§ **TASK**: Return every line of the data exactly as it appears.

Dataset entries:
lemma symmetric3_eigenframe:
  fixes U :: "real^3^3"
  assumes "transpose U = U" and "distinct [a, b, c]"
    and "U *v x = a *\<^sub>R x" "U *v y = b *\<^sub>R y" "U *v z = c *\<^sub>R z"
    and "x \<noteq> 0" "y \<noteq> 0" "z \<noteq> 0"
  obtains P where "orthogonal_matrix P" "U = transpose P ** diag3 a b c ** P"
    "transpose P *v axis 2 1 = sgn y"
proof -
  define P :: "real^3^3" where "P = vector [sgn x, sgn y, sgn z]"
  have rows: "P $ 1 = sgn x" "P $ 2 = sgn y" "P $ 3 = sgn z"
    by (simp_all add: P_def)
  have eig: "U *v sgn x = a *\<^sub>R sgn x" "U *v sgn y = b *\<^sub>R sgn y" "U *v sgn z = c *\<^sub>R sgn z"
    using assms(3-5) by (simp_all add: sgn_div_norm matrix_vector_mult_scaleR)
  have unit: "sgn x \<bullet> sgn x = 1" "sgn y \<bullet> sgn y = 1" "sgn z \<bullet> sgn z = 1"
    using assms(6-8) by (simp_all add: inner_commute norm_sgn flip: norm_eq_1)
  have orth: "sgn x \<bullet> sgn y = 0" "sgn x \<bullet> sgn z = 0" "sgn y \<bullet> sgn z = 0"
    using assms(2) symmetric_eigenvectors_orthogonal[OF assms(1)] eig by auto
  have P: "orthogonal_matrix P"
    unfolding orthogonal_matrix_orthonormal_rows
    by (simp add: forall_3 row_def norm_eq_1 orthogonal_def rows unit orth inner_commute)
  moreover have "U = transpose P ** diag3 a b c ** P"
    unfolding orthogonal_conj_eq_iff[OF P]
    by (simp add: vec_eq_iff forall_3 matrix_mul_transpose_nth rows eig unit orth inner_commute
        diag3_def)
  moreover have "transpose P *v axis 2 1 = sgn y"
    by (simp add: vec_eq_iff forall_3 matrix_vector_mult_def transpose_def sum_3 P_def axis_def
        del: transpose_matrix_vector)
  ultimately show thesis
    using that P by blast
qed

lemma diag3_commute_imp_diag3:
  assumes "distinct [a, b, c]" and "diag3 a b c ** W = W ** diag3 a b c"
  shows "W = diag3 (W $ 1 $ 1) (W $ 2 $ 2) (W $ 3 $ 3)"
proof -
  have E: "(diag3 a b c ** W) $ i $ j = (W ** diag3 a b c) $ i $ j" for i j
    using assms(2) by simp
  have "a * W$1$2 = W$1$2 * b" "a * W$1$3 = W$1$3 * c" "b * W$2$1 = W$2$1 * a"
    "b * W$2$3 = W$2$3 * c" "c * W$3$1 = W$3$1 * a" "c * W$3$2 = W$3$2 * b"
    using E[of 1 2] E[of 1 3] E[of 2 1] E[of 2 3] E[of 3 1] E[of 3 2]
    by (simp_all add: matrix_matrix_mult_def sum_3 diag3_def)
  then show ?thesis
    using assms(1) by (simp add: vec_eq_iff forall_3 diag3_def mult.commute)
qed

lemma eigenvalues3_diag3: "eigenvalues3 (diag3 a b c) = {a, b, c}"
proof (intro equalityI subsetI)
  fix l assume "l \<in> eigenvalues3 (diag3 a b c)"
  then obtain v where v: "v \<noteq> 0" and eig: "diag3 a b c *v v = l *\<^sub>R v"
    by (auto simp: eigenvalues3_def)
  have "(diag3 a b c *v v) $ i = (l *\<^sub>R v) $ i" for i
    using eig by simp
  from this[of 1] this[of 2] this[of 3]
  have "a * v$1 = l * v$1" "b * v$2 = l * v$2" "c * v$3 = l * v$3"
    by (simp_all add: matrix_vector_mult_def sum_3 diag3_def)
  moreover have "v$1 \<noteq> 0 \<or> v$2 \<noteq> 0 \<or> v$3 \<noteq> 0"
    using v by (simp add: vec_eq_iff forall_3)
  ultimately show "l \<in> {a, b, c}"
    by (metis insert_iff mult_cancel_right)
next
  fix l assume "l \<in> {a, b, c}"
  moreover have "diag3 a b c *v axis 1 1 = a *\<^sub>R axis 1 1" "diag3 a b c *v axis 2 1 = b *\<^sub>R axis 2 1"
    "diag3 a b c *v axis 3 1 = c *\<^sub>R axis 3 1"
    by (simp_all add: vec_eq_iff forall_3 matrix_vector_mult_def sum_3 diag3_def axis_def)
  ultimately obtain k where "diag3 a b c *v axis k 1 = l *\<^sub>R axis k 1"
    by blast
  then show "l \<in> eigenvalues3 (diag3 a b c)"
    unfolding eigenvalues3_def by (intro CollectI exI[of _ "axis k 1"]) simp
qed

lemma eigenvalues3_orthogonal_conj:
  assumes "orthogonal_matrix P"
  shows "eigenvalues3 (transpose P ** A ** P) = eigenvalues3 A"
proof -
  have PP: "transpose P ** P = mat 1" "P ** transpose P = mat 1"
    using assms by (simp_all add: orthogonal_matrix_def)
  have "(transpose P ** A ** P) *v v = l *\<^sub>R v \<longleftrightarrow> A *v (P *v v) = l *\<^sub>R (P *v v)" for v l
    by (metis (no_types, lifting) PP matrix_vector_mul_assoc matrix_vector_mul_lid
        matrix_vector_mult_scaleR)
  moreover have "P *v v = 0 \<longleftrightarrow> v = 0" for v
    using orthogonal_matrix_norm[OF assms, of v] by auto
  moreover have "surj ((*v) P)"
    by (metis PP(2) matrix_vector_mul_assoc matrix_vector_mul_lid surj_def)
  ultimately show ?thesis
    unfolding eigenvalues3_def by (metis (no_types, opaque_lifting) surj_def)
qed

lemma commuting_diag3_conj:
  fixes P U V :: "real^3^3"
  assumes "orthogonal_matrix P" and "distinct [a, b, c]"
    and "U = transpose P ** diag3 a b c ** P" and "U ** V = V ** U"
  obtains d1 d2 d3 where "V = transpose P ** diag3 d1 d2 d3 ** P"
proof -
  define W where "W = P ** V ** transpose P"
  have D: "P ** U ** transpose P = diag3 a b c"
    using orthogonal_conj_eq_iff[OF assms(1)] assms(3) by simp
  have "diag3 a b c ** W = P ** (U ** V) ** transpose P"
    by (simp add: W_def flip: D orthogonal_conj_mult[OF assms(1)])
  also have "\<dots> = W ** diag3 a b c"
    by (simp add: W_def assms(4) flip: D orthogonal_conj_mult[OF assms(1)])
  finally have "W = diag3 (W$1$1) (W$2$2) (W$3$3)"
    using diag3_commute_imp_diag3[OF assms(2)] by blast
  then show thesis
    using that orthogonal_conj_eq_iff[OF assms(1)] W_def by metis
qed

§ **RESPONSE TO THE TASK**:
lemma symmetric3_eigenframe:
  fixes U :: "real^3^3"
  assumes "transpose U = U" and "distinct [a, b, c]"
    and "U *v x = a *\<^sub>R x" "U *v y = b *\<^sub>R y" "U *v z = c *\<^sub>R z"
    and "x \<noteq> 0" "y \<noteq> 0" "z \<noteq> 0"
  obtains P where "orthogonal_matrix P" "U = transpose P ** diag3 a b c ** P"
    "transpose P *v axis 2 1 = sgn y"
proof -
  define P :: "real^3^3" where "P = vector [sgn x, sgn y, sgn z]"
  have rows: "P $ 1 = sgn x" "P $ 2 = sgn y" "P $ 3 = sgn z"
    by (simp_all add: P_def)
  have eig: "U *v sgn x = a *\<^sub>R sgn x" "U *v sgn y = b *\<^sub>R sgn y" "U *v sgn z = c *\<^sub>R sgn z"
    using assms(3-5) by (simp_all add: sgn_div_norm matrix_vector_mult_scaleR)
  have unit: "sgn x \<bullet> sgn x = 1" "sgn y \<bullet> sgn y = 1" "sgn z \<bullet> sgn z = 1"
    using assms(6-8) by (simp_all add: inner_commute norm_sgn flip: norm_eq_1)
  have orth: "sgn x \<bullet> sgn y = 0" "sgn x \<bullet> sgn z = 0" "sgn y \<bullet> sgn z = 0"
    using assms(2) symmetric_eigenvectors_orthogonal[OF assms(1)] eig by auto
  have P: "orthogonal_matrix P"
    unfolding orthogonal_matrix_orthonormal_rows
    by (simp add: forall_3 row_def norm_eq_1 orthogonal_def rows unit orth inner_commute)
  moreover have "U = transpose P ** diag3 a b c ** P"
    unfolding orthogonal_conj_eq_iff[OF P]
    by (simp add: vec_eq_iff forall_3 matrix_mul_transpose_nth rows eig unit orth inner_commute
        diag3_def)
  moreover have "transpose P *v axis 2 1 = sgn y"
    by (simp add: vec_eq_iff forall_3 matrix_vector_mult_def transpose_def sum_3 P_def axis_def
        del: transpose_matrix_vector)
  ultimately show thesis
    using that P by blast
qed

lemma diag3_commute_imp_diag3:
  assumes "distinct [a, b, c]" and "diag3 a b c ** W = W ** diag3 a b c"
  shows "W = diag3 (W $ 1 $ 1) (W $ 2 $ 2) (W $ 3 $ 3)"
proof -
  have E: "(diag3 a b c ** W) $ i $ j = (W ** diag3 a b c) $ i $ j" for i j
    using assms(2) by simp
  have "a * W$1$2 = W$1$2 * b" "a * W$1$3 = W$1$3 * c" "b * W$2$1 = W$2$1 * a"
    "b * W$2$3 = W$2$3 * c" "c * W$3$1 = W$3$1 * a" "c * W$3$2 = W$3$2 * b"
    using E[of 1 2] E[of 1 3] E[of 2 1] E[of 2 3] E[of 3 1] E[of 3 2]
    by (simp_all add: matrix_matrix_mult_def sum_3 diag3_def)
  then show ?thesis
    using assms(1) by (simp add: vec_eq_iff forall_3 diag3_def mult.commute)
qed

lemma eigenvalues3_diag3: "eigenvalues3 (diag3 a b c) = {a, b, c}"
proof (intro equalityI subsetI)
  fix l assume "l \<in> eigenvalues3 (diag3 a b c)"
  then obtain v where v: "v \<noteq> 0" and eig: "diag3 a b c *v v = l *\<^sub>R v"
    by (auto simp: eigenvalues3_def)
  have "(diag3 a b c *v v) $ i = (l *\<^sub>R v) $ i" for i
    using eig by simp
  from this[of 1] this[of 2] this[of 3]
  have "a * v$1 = l * v$1" "b * v$2 = l * v$2" "c * v$3 = l * v$3"
    by (simp_all add: matrix_vector_mult_def sum_3 diag3_def)
  moreover have "v$1 \<noteq> 0 \<or> v$2 \<noteq> 0 \<or> v$3 \<noteq> 0"
    using v by (simp add: vec_eq_iff forall_3)
  ultimately show "l \<in> {a, b, c}"
    by (metis insert_iff mult_cancel_right)
next
  fix l assume "l \<in> {a, b, c}"
  moreover have "diag3 a b c *v axis 1 1 = a *\<^sub>R axis 1 1" "diag3 a b c *v axis 2 1 = b *\<^sub>R axis 2 1"
    "diag3 a b c *v axis 3 1 = c *\<^sub>R axis 3 1"
    by (simp_all add: vec_eq_iff forall_3 matrix_vector_mult_def sum_3 diag3_def axis_def)
  ultimately obtain k where "diag3 a b c *v axis k 1 = l *\<^sub>R axis k 1"
    by blast
  then show "l \<in> eigenvalues3 (diag3 a b c)"
    unfolding eigenvalues3_def by (intro CollectI exI[of _ "axis k 1"]) simp
qed

lemma eigenvalues3_orthogonal_conj:
  assumes "orthogonal_matrix P"
  shows "eigenvalues3 (transpose P ** A ** P) = eigenvalues3 A"
proof -
  have PP: "transpose P ** P = mat 1" "P ** transpose P = mat 1"
    using assms by (simp_all add: orthogonal_matrix_def)
  have "(transpose P ** A ** P) *v v = l *\<^sub>R v \<longleftrightarrow> A *v (P *v v) = l *\<^sub>R (P *v v)" for v l
    by (metis (no_types, lifting) PP matrix_vector_mul_assoc matrix_vector_mul_lid
        matrix_vector_mult_scaleR)
  moreover have "P *v v = 0 \<longleftrightarrow> v = 0" for v
    using orthogonal_matrix_norm[OF assms, of v] by auto
  moreover have "surj ((*v) P)"
    by (metis PP(2) matrix_vector_mul_assoc matrix_vector_mul_lid surj_def)
  ultimately show ?thesis
    unfolding eigenvalues3_def by (metis (no_types, opaque_lifting) surj_def)
qed

lemma commuting_diag3_conj:
  fixes P U V :: "real^3^3"
  assumes "orthogonal_matrix P" and "distinct [a, b, c]"
    and "U = transpose P ** diag3 a b c ** P" and "U ** V = V ** U"
  obtains d1 d2 d3 where "V = transpose P ** diag3 d1 d2 d3 ** P"
proof -
  define W where "W = P ** V ** transpose P"
  have D: "P ** U ** transpose P = diag3 a b c"
    using orthogonal_conj_eq_iff[OF assms(1)] assms(3) by simp
  have "diag3 a b c ** W = P ** (U ** V) ** transpose P"
    by (simp add: W_def flip: D orthogonal_conj_mult[OF assms(1)])
  also have "\<dots> = W ** diag3 a b c"
    by (simp add: W_def assms(4) flip: D orthogonal_conj_mult[OF assms(1)])
  finally have "W = diag3 (W$1$1) (W$2$2) (W$3$3)"
    using diag3_commute_imp_diag3[OF assms(2)] by blast
  then show thesis
    using that orthogonal_conj_eq_iff[OF assms(1)] W_def by metis
qed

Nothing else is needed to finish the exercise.